Lashon hora has dominated the public mindset for quite some time now. The Chafetz Chaim, zl, wrote his classic, Shemiras Halashon, in order to heighten Jewish consciousness concerning this transgression. When we think about it, however, lashon hora is only an expression of another severe character defect that plagues the speaker. He is bitter, because he sees everything from a malignant perspective. Negativity is the way he perceives things and people. The truth is that such a person is probably filled with such self-loathing that he expresses it by denigrating others. Whether it has been the negative experiences in his life or his own feelings of inadequacy, he expresses his emotions by spewing filth and vitriol about, and at, others. One who is secure with himself has no reason to constantly denigrate others.

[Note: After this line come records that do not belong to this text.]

text \<open>Total airborne time of the sortie ended by the relief at dispatch k:
  from the relieved UAV's last departure until its return to the RS at k*x + g.\<close>
definition relief_flight_time where
  "relief_flight_time N f g c M tb k =
     real k * horr_x N f g + g - horr_dep N f g c M tb (k - 1) (horr_relieved N f g c M tb k)"

definition horr_at where
  "horr_at N f g c M tb u i t \<longleftrightarrow>
     (\<exists>k::nat. real k * horr_x N f g \<le> t \<and> t < real (Suc k) * horr_x N f g \<and>
               horr_serv N f g c M tb k i = u)"

definition horr_covered where
  "horr_covered N f g c M tb i t \<longleftrightarrow> (\<exists>u<M. horr_at N f g c M tb u i t)"

end

theory Submission
  imports Defs "HOL-Library.Multiset"
begin

text \<open>
  Dispatches happen every \<open>x = (f - 2g)/N\<close> time units. By induction on the dispatches,
  right after dispatch \<open>k\<close> the \<open>N\<close> serving UAVs left the recharging station at the times
  \<open>max 0 ((k - j) x - g)\<close>, \<open>j < N\<close>: the least-energy UAV is always the one that departed
  \<open>N\<close> dispatches ago, so HoRR is a round robin. The relieved UAV therefore has flown
  \<open>(k+1)x + g - ((k+1-N)x - g) = Nx + 2g = f\<close>. It joins the end of a queue of
  \<open>B = M - N\<close> backups, ready at \<open>(k+1)x + g + c\<close>, and is dispatched again \<open>B\<close> dispatches
  later, i.e. at \<open>(k+1+B)x - g\<close>, which is late enough because \<open>Bx \<ge> c + 2g\<close> by the choice
  of \<open>M\<close>. Finally, a location not chosen in \<open>N\<close> consecutive dispatches would keep a UAV
  older than every serving UAV, so every location is relieved infinitely often.
\<close>

lemma least_energy_locs_iff:
  "i \<in> least_energy_locs N f s d t \<longleftrightarrow> i < N \<and> (\<forall>j<N. d (s i) \<le> d (s j))"
  by (auto simp: least_energy_locs_def remaining_energy_def)

lemma least_energy_locs_nonempty:
  assumes "N \<ge> 1"
  shows "least_energy_locs N f s d t \<noteq> {}"
proof -
  have "(\<lambda>i. d (s i)) ` {..<N} \<noteq> {}" using assms by (simp add: lessThan_empty_iff)
  then have "Min ((\<lambda>i. d (s i)) ` {..<N}) \<in> (\<lambda>i. d (s i)) ` {..<N}" by (intro Min_in) auto
  then obtain i where "i < N" "d (s i) = Min ((\<lambda>i. d (s i)) ` {..<N})" by auto
  then have "i \<in> least_energy_locs N f s d t" by (simp add: least_energy_locs_iff)
  then show ?thesis by blast
qed

lemma mset_min_eq_last:
  fixes h :: "nat \<Rightarrow> 'a::linorder"
  assumes xs: "mset xs = mset (map h [0..<n])"
    and anti: "\<And>j j'. j \<le> j' \<Longrightarrow> h j' \<le> h j"
    and l: "l < length xs" and min: "\<And>j. j < length xs \<Longrightarrow> xs ! l \<le> xs ! j"
  shows "xs ! l = h (n - 1)"
proof -
  have set_eq: "set xs = h ` {..<n}"
    using arg_cong[OF xs, of set_mset] by auto
  have "xs ! l \<in> h ` {..<n}" using set_eq l by (metis nth_mem)
  then obtain i where "i < n" "xs ! l = h i" by blast
  then have lower: "h (n - 1) \<le> xs ! l" using anti[of i "n - 1"] by simp
  have "h (n - 1) \<in> set xs" using set_eq \<open>i < n\<close> by simp
  then obtain j where "j < length xs" "xs ! j = h (n - 1)" by (metis in_set_conv_nth)
  then show ?thesis using min[of j] lower by simp
qed

lemma mset_swap_head:
  assumes "q \<noteq> []" and "l < N"
  shows "mset (map fst (tl q @ [(s l, r)]) @ map (s(l := fst (hd q))) [0..<N])
       = mset (map fst q @ map s [0..<N])"
proof -
  have upd: "map (s(l := fst (hd q))) [0..<N] = (map s [0..<N])[l := fst (hd q)]"
    using assms(2) by (auto intro!: nth_equalityI simp: nth_list_update)
  have mem: "s l \<in># mset (map s [0..<N])" using assms(2) by simp
  have hd_tl: "map fst q = fst (hd q) # map fst (tl q)" using assms(1) by (cases q) auto
  show ?thesis
    using assms(2) by (simp add: upd mset_update hd_tl insert_DiffM[OF mem])
qed

locale horr_fleet =
  fixes N :: nat and f g c :: real and tb :: "nat \<Rightarrow> nat set \<Rightarrow> nat" and M :: nat
  assumes N_ge_1: "N \<ge> 1" and c_nonneg: "c \<ge> 0" and g_pos: "g > 0" and g_lt: "2 * g < f"
    and tb: "\<And>k S. S \<noteq> {} \<Longrightarrow> S \<subseteq> {..<N} \<Longrightarrow> tb k S \<in> S"
    and M: "M = N + nat \<lceil>(c + 2 * g) / (f - 2 * g) * real N\<rceil>"
begin

abbreviation "x \<equiv> horr_x N f g"
abbreviation "B \<equiv> M - N"
abbreviation "serv \<equiv> horr_serv N f g c M tb"
abbreviation "dep \<equiv> horr_dep N f g c M tb"
abbreviation "queue \<equiv> horr_queue N f g c M tb"
abbreviation "loc \<equiv> horr_loc N f g c M tb"

lemma x_pos: "x > 0"
  using N_ge_1 g_lt by (simp add: horr_x_def)

lemma N_times_x: "real N * x = f - 2 * g"
  using N_ge_1 by (simp add: horr_x_def)

lemma backups_times_x: "c + 2 * g \<le> real B * x"
proof -
  have "0 \<le> (c + 2 * g) / (f - 2 * g) * real N" using c_nonneg g_pos g_lt by auto
  then have "(c + 2 * g) / (f - 2 * g) * real N \<le> real B" using M by simp
  then have "(c + 2 * g) / (f - 2 * g) * real N * x \<le> real B * x"
    using x_pos by (intro mult_right_mono) auto
  then show ?thesis using N_times_x g_lt by (simp add: mult.assoc)
qed

lemma backups_pos: "B \<ge> 1"
proof (rule ccontr)
  assume "\<not> B \<ge> 1"
  then have "B = 0" by simp
  then show False using backups_times_x c_nonneg g_pos by simp
qed

lemma horr_0: "serv 0 = id" "dep 0 = (\<lambda>u. 0)" "queue 0 = map (\<lambda>u. (u, 0)) [N..<M]"
  by (simp_all add: horr_serv_def horr_dep_def horr_queue_def id_def)

lemma horr_Suc:
  "serv (Suc k) = (serv k)(loc (Suc k) := fst (hd (queue k)))"
  "dep (Suc k) = (dep k)(fst (hd (queue k)) := max 0 (real (Suc k) * x - g))"
  "queue (Suc k) = tl (queue k) @ [(serv k (loc (Suc k)), real (Suc k) * x + g + c)]"
  by (simp_all add: horr_serv_def horr_dep_def horr_queue_def horr_loc_def Let_def
      split: prod.split)

lemma loc_Suc_least: "loc (Suc k) \<in> least_energy_locs N f (serv k) (dep k) (real (Suc k) * x)"
proof -
  let ?L = "least_energy_locs N f (serv k) (dep k) (real (Suc k) * x)"
  have "tb (Suc k) ?L \<in> ?L"
    by (rule tb[OF least_energy_locs_nonempty[OF N_ge_1]]) (auto simp: least_energy_locs_iff)
  then show ?thesis by (simp add: horr_loc_def)
qed

lemma loc_Suc_less: "loc (Suc k) < N"
  using loc_Suc_least by (simp add: least_energy_locs_iff)

lemma queue_length: "length (queue k) = B"
proof (induction k)
  case 0
  then show ?case by (simp add: horr_0)
next
  case (Suc k)
  then show ?case using backups_pos by (simp add: horr_Suc)
qed

lemma queue_nonempty: "queue k \<noteq> []"
  using queue_length[of k] backups_pos by auto

lemma uav_partition: "mset (map fst (queue k) @ map (serv k) [0..<N]) = mset [0..<M]"
proof (induction k)
  case 0
  have "[0..<M] = [0..<N] @ [N..<M]" using M upt_add_eq_append[of 0 N "M - N"] by simp
  then show ?case by (simp add: horr_0 comp_def)
next
  case (Suc k)
  have "mset (map fst (queue (Suc k)) @ map (serv (Suc k)) [0..<N])
      = mset (map fst (queue k) @ map (serv k) [0..<N])"
    unfolding horr_Suc by (rule mset_swap_head[OF queue_nonempty loc_Suc_less])
  then show ?case using Suc.IH by simp
qed

lemma queue_head_not_serving: "j < N \<Longrightarrow> serv k j \<noteq> fst (hd (queue k))"
proof -
  assume "j < N"
  have "distinct (map fst (queue k) @ map (serv k) [0..<N])"
    using mset_eq_imp_distinct_iff[OF uav_partition] by simp
  moreover have "fst (hd (queue k)) \<in> set (map fst (queue k))"
    using queue_nonempty[of k] by (cases "queue k") auto
  moreover have "serv k j \<in> set (map (serv k) [0..<N])" using \<open>j < N\<close> by simp
  ultimately show ?thesis by (auto simp del: set_map)
qed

There are other individuals who, although they may have achieved personal success, are intolerant of others who are also doing well. This leads them to speak negatively and disparagingly of others, while simultaneously presenting themselves as noble, refined individuals.

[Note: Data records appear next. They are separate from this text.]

lemma ennreal_expected_steps_bound_eq:
  assumes \<gamma>: "0 < \<gamma>"
  shows "of_nat (K + 1) + (1 + ennreal (1 / \<gamma>) * ennreal (3/4) ^ (K + 1) * 4) * ennreal (real M + 4)
       = ennreal (real (K + 1) + (1 + 1 / \<gamma> * (3/4) ^ (K + 1) * 4) * (real M + 4))"
proof -
  define c where "c = 1 / \<gamma> * (3/4) ^ (K + 1) * 4"
  have c: "0 \<le> c" using \<gamma> by (simp add: c_def)
  have "ennreal (3/4) ^ (K + 1) = ennreal ((3/4) ^ (K + 1))"
    by (rule ennreal_power) simp
  moreover have "ennreal (1 / \<gamma>) * ennreal ((3/4) ^ (K + 1)) = ennreal (1 / \<gamma> * (3/4) ^ (K + 1))"
    using \<gamma> by (intro ennreal_mult[symmetric]) simp_all
  moreover have "ennreal (1 / \<gamma> * (3/4) ^ (K + 1)) * 4 = ennreal c"
    using ennreal_mult''[of 4 "1 / \<gamma> * (3/4) ^ (K + 1)"] by (simp add: c_def)
  ultimately have "ennreal (1 / \<gamma>) * ennreal (3/4) ^ (K + 1) * 4 = ennreal c"
    by simp
  moreover have "of_nat (K + 1) + (1 + ennreal c) * ennreal (real M + 4)
      = ennreal (real (K + 1) + (1 + c) * (real M + 4))"
    using c by (simp add: ennreal_of_nat_eq_real_of_nat ennreal_mult)
  ultimately show ?thesis by (simp add: c_def)
qed

lemma expected_steps_le:
  assumes xs01: "0 \<le> xs" "xs \<le> 1" and r_meas: "r \<in> borel_measurable borel"
    and r_inc: "mono_on {0..xs} r" and r_dec: "antimono_on {xs..1} r"
    and r_xs: "r xs = rmax" and rmax_pos: "0 < rmax"
    and \<gamma>: "0 < \<gamma>" "\<gamma> \<le> 1" and w_pos: "0 < w_width r rmax \<gamma>"
  shows "(\<integral>\<^sup>+w. as_T r xs rmax w \<partial>rand_space)
       \<le> ennreal (2 / ln (4/3) * (ln (1 / w_width r rmax \<gamma>) + 2 * ln (1 / \<gamma>)) + 22)"
proof -
  let ?W = "w_width r rmax \<gamma>"
  define M N where "M = nat \<lceil>ln (1 / ?W) / ln (4/3)\<rceil>" and "N = nat \<lceil>ln (1 / \<gamma>) / ln (4/3)\<rceil>"
  define K where "K = M + N + 2"
  have W: "0 < ?W" "?W \<le> 1" using w_pos w_width_bounds by auto
  have "(3/4) ^ M \<le> ?W"
    using power_nat_ceiling_log_le[of "3/4" ?W] W by (simp add: M_def)
  then have "(\<Sum>j. miss_prob xs (S_level r rmax \<gamma>) j) \<le> ennreal (real M + 4)"
    by (rule suminf_miss_prob_le[OF xs01 r_inc r_dec w_pos])
  moreover have "(\<integral>\<^sup>+w. as_T r xs rmax w \<partial>rand_space)
      \<le> of_nat (K + 1) + (1 + ennreal (1 / \<gamma>) * ennreal (3/4) ^ (K + 1) * 4)
                           * (\<Sum>j. miss_prob xs (S_level r rmax \<gamma>) j)"
    by (rule nn_integral_as_T_le[OF xs01 r_meas r_xs rmax_pos \<gamma>])
  ultimately have "(\<integral>\<^sup>+w. as_T r xs rmax w \<partial>rand_space)
      \<le> of_nat (K + 1) + (1 + ennreal (1 / \<gamma>) * ennreal (3/4) ^ (K + 1) * 4) * ennreal (real M + 4)"
    by (meson add_left_mono mult_left_mono order_trans zero_le)
  also have "\<dots> = ennreal (real (K + 1) + (1 + 1 / \<gamma> * (3/4) ^ (K + 1) * 4) * (real M + 4))"
    by (rule ennreal_expected_steps_bound_eq[OF \<gamma>(1)])
  also have "\<dots> \<le> ennreal (2 / ln (4/3) * (ln (1 / ?W) + 2 * ln (1 / \<gamma>)) + 22)"
    using W \<gamma> by (intro ennreal_leI expected_steps_arith) (simp_all add: M_def N_def K_def)
  finally show ?thesis .
qed

theorem mainTheorem9:
  fixes r :: "real \<Rightarrow> real" and Q :: "real measure" and xs rmax \<gamma> :: real
  assumes r_meas: "r \<in> borel_measurable borel"
    and r_nonneg: "\<forall>x\<in>{0..1}. r x \<ge> 0"
    and Q_dens: "Q = density unifP (\<lambda>x. ennreal (r x))"
    and Q_prob: "prob_space Q"
    and xs_in: "xs \<in> {0..1}"
    and r_inc: "mono_on {0..xs} r"
    and r_dec: "antimono_on {xs..1} r"
    and r_bdd: "bdd_above (r ` {0..1})"
    and rmax_def: "rmax = (SUP x\<in>{0..1}. r x)"
    and r_xs: "r xs = rmax"
    and \<gamma>_in: "\<gamma> \<in> {0..1}"
  shows "(\<integral>\<^sup>+ \<omega>. as_T r xs rmax \<omega> \<partial>rand_space)
           \<le> ennreal (2 / ln (4/3)) * (log_inv (w_width r rmax \<gamma>) + 2 * log_inv \<gamma>) + 22"
proof (cases "\<gamma> = 0 \<or> w_width r rmax \<gamma> = 0")
  case True
  then show ?thesis by (auto simp: log_inv_def ennreal_mult_top)
next
  case False
  then have \<gamma>: "0 < \<gamma>" "\<gamma> \<le> 1" and W: "0 < w_width r rmax \<gamma>" "w_width r rmax \<gamma> \<le> 1"
    using \<gamma>_in w_width_bounds[of r rmax \<gamma>] by auto
  have xs01: "0 \<le> xs" "xs \<le> 1" using xs_in by auto
  have "r x \<le> rmax" if "x \<in> {0..1}" for x
    unfolding rmax_def using r_bdd that by (intro cSUP_upper)
  then have "0 < rmax"
    by (rule density_bound_pos[OF r_meas Q_prob[unfolded Q_dens]])
  then show ?thesis
    using expected_steps_le[OF xs01 r_meas r_inc r_dec r_xs _ \<gamma> W(1)] log_inv_bound_eq[OF W \<gamma>]
    by simp
qed

end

Horav Yissachar Frand, Shlita, quotes the Reishis Chochmah who cites an alarming statement from Chazal. At the moment prior to death, one comes face to face with the Malach Ha'Maves, Angel of Death. The angel's head is full of eyes, and his sword is drawn. He asks the individual four questions, and, based upon the answers, his death will either be serene or terrifying. Those questions are: Did you study Torah, or did you assist your husband in his study of Torah? Did you perform acts of kindness? Did you recite Krias Shma twice daily? Last, the angel asks: Did you treat your fellow Jew as a king?
What does it mean to treat our fellow Jew as a king? How would we treat a king? Respect, admiration, awe, deference, esteem, are just some of the words that come to mind. We certainly would not be condescending or derogatory. Is it not frightening that our entire transition into the next world, the World of Truth, the real world, is dependent upon the manner in which we treat our fellow Jew?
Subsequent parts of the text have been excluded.